Requirement: From the records below, copy each line that has the word "shape" in it.

Saved entries
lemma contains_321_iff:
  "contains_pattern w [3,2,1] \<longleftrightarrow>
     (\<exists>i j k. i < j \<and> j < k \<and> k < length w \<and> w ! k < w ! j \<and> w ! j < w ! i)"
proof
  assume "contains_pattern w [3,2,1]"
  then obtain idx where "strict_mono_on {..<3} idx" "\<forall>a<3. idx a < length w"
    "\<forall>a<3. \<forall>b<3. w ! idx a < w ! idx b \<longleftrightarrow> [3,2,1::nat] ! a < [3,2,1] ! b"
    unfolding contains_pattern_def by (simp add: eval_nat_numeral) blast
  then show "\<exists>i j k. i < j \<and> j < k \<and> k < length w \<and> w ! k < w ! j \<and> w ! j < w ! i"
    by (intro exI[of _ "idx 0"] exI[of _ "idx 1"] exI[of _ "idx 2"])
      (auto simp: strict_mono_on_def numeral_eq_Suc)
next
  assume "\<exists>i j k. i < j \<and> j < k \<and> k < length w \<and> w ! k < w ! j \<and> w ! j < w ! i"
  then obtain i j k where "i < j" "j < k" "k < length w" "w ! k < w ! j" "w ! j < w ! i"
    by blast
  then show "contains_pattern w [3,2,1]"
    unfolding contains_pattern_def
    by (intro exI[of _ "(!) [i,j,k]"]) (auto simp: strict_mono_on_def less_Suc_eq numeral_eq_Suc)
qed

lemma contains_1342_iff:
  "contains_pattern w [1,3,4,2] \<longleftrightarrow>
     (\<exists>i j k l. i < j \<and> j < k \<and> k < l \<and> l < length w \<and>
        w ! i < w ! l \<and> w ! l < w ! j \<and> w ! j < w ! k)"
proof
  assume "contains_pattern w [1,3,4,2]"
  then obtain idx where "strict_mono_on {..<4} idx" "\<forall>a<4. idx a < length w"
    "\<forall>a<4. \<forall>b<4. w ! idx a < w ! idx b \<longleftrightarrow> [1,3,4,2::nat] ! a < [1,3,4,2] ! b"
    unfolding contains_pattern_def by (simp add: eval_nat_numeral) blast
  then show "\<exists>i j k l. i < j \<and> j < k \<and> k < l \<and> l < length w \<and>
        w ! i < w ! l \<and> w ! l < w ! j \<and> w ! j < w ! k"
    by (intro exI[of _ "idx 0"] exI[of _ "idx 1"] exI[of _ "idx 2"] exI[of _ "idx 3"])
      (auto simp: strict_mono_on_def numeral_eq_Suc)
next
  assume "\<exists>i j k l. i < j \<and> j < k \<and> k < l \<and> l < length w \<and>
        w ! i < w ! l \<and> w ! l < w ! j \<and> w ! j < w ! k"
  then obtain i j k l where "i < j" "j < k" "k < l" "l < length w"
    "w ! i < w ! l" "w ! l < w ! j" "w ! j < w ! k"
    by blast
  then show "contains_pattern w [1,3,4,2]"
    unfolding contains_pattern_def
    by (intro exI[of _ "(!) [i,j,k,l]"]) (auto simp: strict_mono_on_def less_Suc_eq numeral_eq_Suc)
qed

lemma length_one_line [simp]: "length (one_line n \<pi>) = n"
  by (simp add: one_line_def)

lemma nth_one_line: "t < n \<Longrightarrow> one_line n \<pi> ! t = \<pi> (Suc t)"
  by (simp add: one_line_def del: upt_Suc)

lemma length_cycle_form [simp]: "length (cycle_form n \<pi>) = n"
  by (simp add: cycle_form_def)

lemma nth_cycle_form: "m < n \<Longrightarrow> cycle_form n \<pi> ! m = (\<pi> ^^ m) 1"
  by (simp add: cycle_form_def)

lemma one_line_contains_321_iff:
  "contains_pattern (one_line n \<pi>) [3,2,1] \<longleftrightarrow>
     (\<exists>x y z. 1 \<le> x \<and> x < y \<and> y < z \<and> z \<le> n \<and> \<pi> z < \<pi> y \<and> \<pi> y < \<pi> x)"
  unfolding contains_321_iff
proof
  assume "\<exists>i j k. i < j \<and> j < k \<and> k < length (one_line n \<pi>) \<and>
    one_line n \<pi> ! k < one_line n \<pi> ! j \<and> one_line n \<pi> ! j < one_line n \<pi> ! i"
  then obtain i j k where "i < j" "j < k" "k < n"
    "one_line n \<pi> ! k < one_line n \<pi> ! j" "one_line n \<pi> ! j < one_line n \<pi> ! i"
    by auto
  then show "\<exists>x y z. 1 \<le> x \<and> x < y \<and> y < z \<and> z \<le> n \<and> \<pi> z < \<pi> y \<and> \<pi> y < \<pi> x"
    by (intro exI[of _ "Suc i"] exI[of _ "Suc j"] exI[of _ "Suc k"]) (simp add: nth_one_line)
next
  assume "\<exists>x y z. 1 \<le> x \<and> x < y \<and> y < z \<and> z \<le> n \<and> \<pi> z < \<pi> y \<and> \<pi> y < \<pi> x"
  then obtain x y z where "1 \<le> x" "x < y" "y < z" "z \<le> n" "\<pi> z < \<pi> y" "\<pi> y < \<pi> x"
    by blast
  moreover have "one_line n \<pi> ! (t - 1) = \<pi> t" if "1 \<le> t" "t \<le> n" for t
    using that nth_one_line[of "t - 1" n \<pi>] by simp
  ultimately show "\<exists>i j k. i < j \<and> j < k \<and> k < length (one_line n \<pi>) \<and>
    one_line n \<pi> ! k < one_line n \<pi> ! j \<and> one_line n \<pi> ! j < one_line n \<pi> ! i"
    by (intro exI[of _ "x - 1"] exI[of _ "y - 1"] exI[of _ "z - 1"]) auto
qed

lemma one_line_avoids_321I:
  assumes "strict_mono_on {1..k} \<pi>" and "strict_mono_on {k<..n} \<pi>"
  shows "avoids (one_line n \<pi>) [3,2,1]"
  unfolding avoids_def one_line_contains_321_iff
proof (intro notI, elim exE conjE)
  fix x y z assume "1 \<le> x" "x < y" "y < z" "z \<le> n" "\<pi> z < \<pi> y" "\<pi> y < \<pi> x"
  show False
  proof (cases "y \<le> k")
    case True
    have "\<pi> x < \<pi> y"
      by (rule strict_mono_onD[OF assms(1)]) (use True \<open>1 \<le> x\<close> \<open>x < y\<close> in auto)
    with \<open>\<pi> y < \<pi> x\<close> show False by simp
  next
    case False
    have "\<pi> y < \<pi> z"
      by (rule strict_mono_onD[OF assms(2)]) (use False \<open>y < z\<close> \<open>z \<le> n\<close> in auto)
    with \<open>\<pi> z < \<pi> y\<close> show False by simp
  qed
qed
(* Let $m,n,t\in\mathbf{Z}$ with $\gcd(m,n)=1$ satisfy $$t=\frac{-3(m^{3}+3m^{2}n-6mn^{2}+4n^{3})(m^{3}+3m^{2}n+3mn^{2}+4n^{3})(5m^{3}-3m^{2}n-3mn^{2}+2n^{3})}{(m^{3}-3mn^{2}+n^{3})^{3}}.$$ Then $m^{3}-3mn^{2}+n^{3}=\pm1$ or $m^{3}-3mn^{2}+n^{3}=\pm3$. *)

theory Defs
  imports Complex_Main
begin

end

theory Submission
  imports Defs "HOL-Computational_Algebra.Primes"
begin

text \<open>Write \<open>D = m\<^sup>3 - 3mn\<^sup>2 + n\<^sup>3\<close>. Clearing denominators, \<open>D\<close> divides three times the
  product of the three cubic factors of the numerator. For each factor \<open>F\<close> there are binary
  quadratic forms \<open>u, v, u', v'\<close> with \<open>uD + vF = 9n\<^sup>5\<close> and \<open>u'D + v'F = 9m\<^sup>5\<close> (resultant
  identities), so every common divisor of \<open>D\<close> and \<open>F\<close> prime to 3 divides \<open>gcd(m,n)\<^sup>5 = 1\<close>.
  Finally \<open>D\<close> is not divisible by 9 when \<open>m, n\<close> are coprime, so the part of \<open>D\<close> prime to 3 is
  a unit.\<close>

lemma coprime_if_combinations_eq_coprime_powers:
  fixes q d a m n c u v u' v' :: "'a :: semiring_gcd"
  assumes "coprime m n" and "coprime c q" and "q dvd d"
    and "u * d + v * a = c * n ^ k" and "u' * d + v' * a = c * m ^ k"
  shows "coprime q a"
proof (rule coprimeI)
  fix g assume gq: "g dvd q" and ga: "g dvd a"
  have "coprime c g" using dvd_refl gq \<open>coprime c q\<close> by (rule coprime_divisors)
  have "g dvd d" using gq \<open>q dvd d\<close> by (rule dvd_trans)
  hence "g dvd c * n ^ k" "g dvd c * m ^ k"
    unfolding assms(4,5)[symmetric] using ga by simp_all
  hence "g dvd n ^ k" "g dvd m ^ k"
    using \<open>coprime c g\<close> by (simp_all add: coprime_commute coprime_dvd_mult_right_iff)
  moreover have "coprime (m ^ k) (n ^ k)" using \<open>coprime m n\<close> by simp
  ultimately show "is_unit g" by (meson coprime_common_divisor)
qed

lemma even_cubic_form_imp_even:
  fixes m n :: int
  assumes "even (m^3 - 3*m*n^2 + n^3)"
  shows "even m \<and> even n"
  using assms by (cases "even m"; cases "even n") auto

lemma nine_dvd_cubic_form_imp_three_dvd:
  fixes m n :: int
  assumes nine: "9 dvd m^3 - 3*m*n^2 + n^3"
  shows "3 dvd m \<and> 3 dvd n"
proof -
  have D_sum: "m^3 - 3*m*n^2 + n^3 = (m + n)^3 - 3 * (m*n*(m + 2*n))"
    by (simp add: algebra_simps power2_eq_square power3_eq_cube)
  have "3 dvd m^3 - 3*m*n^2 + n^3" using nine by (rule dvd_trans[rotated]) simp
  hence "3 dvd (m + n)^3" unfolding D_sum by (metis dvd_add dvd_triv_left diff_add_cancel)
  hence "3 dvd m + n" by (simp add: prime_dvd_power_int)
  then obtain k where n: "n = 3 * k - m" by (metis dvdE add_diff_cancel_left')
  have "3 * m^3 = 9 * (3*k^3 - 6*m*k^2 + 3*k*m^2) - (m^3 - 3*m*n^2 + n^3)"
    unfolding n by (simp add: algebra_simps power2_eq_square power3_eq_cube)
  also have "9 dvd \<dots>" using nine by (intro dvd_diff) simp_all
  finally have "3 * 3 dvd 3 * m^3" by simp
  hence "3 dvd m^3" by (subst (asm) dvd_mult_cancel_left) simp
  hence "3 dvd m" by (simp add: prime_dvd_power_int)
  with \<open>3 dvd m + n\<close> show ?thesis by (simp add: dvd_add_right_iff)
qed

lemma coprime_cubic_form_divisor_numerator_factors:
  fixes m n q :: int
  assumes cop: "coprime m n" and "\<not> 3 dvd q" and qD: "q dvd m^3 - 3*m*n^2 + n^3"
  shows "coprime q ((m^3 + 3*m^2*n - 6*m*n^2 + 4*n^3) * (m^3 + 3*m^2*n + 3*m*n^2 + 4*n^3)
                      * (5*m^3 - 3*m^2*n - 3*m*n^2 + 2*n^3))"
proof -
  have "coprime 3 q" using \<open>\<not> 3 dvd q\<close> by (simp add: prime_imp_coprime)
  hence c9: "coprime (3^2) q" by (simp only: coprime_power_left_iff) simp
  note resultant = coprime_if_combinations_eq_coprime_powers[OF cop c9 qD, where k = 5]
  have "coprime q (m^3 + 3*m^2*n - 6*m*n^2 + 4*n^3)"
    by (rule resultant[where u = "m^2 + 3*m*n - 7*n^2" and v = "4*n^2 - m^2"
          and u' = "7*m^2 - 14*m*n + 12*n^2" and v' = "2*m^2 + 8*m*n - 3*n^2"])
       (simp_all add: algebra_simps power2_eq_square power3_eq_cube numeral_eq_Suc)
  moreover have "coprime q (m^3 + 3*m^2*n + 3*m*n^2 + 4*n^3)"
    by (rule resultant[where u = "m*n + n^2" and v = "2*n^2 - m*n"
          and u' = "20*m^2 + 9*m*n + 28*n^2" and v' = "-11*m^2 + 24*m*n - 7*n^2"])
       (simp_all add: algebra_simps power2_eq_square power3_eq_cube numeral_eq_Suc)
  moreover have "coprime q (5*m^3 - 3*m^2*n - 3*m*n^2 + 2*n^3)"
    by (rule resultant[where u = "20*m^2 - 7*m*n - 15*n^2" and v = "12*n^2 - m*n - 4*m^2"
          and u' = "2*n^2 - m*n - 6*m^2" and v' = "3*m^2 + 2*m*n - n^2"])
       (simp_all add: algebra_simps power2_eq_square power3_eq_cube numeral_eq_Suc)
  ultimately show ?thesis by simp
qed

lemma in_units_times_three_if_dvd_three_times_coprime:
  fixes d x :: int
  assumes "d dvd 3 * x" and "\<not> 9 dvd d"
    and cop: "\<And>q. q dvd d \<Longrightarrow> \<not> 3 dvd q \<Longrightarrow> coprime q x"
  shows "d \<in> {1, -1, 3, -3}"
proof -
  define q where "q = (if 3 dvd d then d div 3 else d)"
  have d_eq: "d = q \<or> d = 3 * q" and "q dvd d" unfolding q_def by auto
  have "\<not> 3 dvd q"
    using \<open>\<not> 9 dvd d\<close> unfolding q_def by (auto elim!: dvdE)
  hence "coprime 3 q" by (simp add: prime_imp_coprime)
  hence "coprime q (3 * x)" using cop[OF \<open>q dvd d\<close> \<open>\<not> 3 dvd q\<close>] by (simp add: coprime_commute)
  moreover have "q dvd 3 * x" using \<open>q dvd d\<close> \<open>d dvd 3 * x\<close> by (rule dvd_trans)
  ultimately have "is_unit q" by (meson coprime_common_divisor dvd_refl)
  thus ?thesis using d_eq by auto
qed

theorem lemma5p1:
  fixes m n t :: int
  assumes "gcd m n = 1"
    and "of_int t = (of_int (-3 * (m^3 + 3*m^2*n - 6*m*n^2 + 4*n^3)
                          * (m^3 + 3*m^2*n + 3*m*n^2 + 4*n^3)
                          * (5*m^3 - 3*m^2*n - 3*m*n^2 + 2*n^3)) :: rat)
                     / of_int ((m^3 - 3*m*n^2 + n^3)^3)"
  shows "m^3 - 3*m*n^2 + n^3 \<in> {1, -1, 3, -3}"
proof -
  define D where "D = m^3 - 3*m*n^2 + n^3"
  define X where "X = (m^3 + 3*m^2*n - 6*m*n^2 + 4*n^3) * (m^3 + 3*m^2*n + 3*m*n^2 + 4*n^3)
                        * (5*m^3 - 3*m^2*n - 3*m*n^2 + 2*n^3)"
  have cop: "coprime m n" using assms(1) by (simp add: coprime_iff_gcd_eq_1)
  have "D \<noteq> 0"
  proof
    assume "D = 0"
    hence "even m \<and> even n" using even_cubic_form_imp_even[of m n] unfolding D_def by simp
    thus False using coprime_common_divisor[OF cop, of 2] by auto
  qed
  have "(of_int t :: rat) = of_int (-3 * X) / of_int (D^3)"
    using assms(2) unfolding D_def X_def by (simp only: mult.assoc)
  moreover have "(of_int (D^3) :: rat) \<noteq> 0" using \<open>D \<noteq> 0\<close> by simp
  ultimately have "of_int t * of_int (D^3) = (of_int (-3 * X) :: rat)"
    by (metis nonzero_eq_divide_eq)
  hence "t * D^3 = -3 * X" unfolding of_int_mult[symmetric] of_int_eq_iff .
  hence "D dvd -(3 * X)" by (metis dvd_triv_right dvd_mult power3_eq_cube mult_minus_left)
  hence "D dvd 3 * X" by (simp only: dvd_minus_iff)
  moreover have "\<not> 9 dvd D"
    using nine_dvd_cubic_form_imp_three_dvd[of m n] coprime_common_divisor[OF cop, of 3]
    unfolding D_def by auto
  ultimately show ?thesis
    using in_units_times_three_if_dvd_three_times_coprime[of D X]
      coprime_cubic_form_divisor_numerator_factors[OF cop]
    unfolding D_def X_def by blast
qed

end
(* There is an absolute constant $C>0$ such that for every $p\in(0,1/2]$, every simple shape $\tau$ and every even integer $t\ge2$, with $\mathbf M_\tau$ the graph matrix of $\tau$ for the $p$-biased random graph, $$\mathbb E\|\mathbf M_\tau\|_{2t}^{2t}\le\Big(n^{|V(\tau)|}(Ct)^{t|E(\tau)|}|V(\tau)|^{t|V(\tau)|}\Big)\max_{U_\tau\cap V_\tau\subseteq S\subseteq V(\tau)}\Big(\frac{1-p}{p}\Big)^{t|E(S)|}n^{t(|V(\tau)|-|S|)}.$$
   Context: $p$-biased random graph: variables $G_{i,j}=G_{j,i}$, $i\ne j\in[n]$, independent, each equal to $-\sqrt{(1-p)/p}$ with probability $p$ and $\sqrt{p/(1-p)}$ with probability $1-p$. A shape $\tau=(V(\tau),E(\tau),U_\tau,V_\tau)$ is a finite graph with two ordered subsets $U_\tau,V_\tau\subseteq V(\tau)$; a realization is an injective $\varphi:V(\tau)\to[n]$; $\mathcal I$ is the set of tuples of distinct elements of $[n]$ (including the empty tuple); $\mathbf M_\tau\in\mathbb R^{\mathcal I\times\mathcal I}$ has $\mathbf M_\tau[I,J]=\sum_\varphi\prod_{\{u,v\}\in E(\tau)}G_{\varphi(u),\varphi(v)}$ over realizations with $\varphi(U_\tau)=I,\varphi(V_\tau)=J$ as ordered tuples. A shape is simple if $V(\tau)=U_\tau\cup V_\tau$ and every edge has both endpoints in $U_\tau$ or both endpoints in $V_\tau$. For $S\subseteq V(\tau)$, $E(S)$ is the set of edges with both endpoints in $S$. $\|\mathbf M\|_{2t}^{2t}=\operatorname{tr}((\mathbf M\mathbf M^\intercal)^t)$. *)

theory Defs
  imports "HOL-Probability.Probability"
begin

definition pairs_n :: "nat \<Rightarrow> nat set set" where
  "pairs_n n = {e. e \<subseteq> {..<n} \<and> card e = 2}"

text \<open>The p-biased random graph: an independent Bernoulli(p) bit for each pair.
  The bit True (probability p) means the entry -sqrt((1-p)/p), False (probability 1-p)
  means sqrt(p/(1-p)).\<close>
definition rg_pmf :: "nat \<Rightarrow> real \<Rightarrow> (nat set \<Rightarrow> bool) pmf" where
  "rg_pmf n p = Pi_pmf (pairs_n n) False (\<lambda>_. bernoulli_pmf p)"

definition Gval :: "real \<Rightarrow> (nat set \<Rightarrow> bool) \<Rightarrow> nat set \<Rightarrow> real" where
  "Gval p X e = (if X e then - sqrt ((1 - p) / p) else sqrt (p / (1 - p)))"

Worked solution:
(* There is an absolute constant $C>0$ such that for every $p\in(0,1/2]$, every simple shape $\tau$ and every even integer $t\ge2$, with $\mathbf M_\tau$ the graph matrix of $\tau$ for the $p$-biased random graph, $$\mathbb E\|\mathbf M_\tau\|_{2t}^{2t}\le\Big(n^{|V(\tau)|}(Ct)^{t|E(\tau)|}|V(\tau)|^{t|V(\tau)|}\Big)\max_{U_\tau\cap V_\tau\subseteq S\subseteq V(\tau)}\Big(\frac{1-p}{p}\Big)^{t|E(S)|}n^{t(|V(\tau)|-|S|)}.$$
   Context: $p$-biased random graph: variables $G_{i,j}=G_{j,i}$, $i\ne j\in[n]$, independent, each equal to $-\sqrt{(1-p)/p}$ with probability $p$ and $\sqrt{p/(1-p)}$ with probability $1-p$. A shape $\tau=(V(\tau),E(\tau),U_\tau,V_\tau)$ is a finite graph with two ordered subsets $U_\tau,V_\tau\subseteq V(\tau)$; a realization is an injective $\varphi:V(\tau)\to[n]$; $\mathcal I$ is the set of tuples of distinct elements of $[n]$ (including the empty tuple); $\mathbf M_\tau\in\mathbb R^{\mathcal I\times\mathcal I}$ has $\mathbf M_\tau[I,J]=\sum_\varphi\prod_{\{u,v\}\in E(\tau)}G_{\varphi(u),\varphi(v)}$ over realizations with $\varphi(U_\tau)=I,\varphi(V_\tau)=J$ as ordered tuples. A shape is simple if $V(\tau)=U_\tau\cup V_\tau$ and every edge has both endpoints in $U_\tau$ or both endpoints in $V_\tau$. For $S\subseteq V(\tau)$, $E(S)$ is the set of edges with both endpoints in $S$. $\|\mathbf M\|_{2t}^{2t}=\operatorname{tr}((\mathbf M\mathbf M^\intercal)^t)$. *)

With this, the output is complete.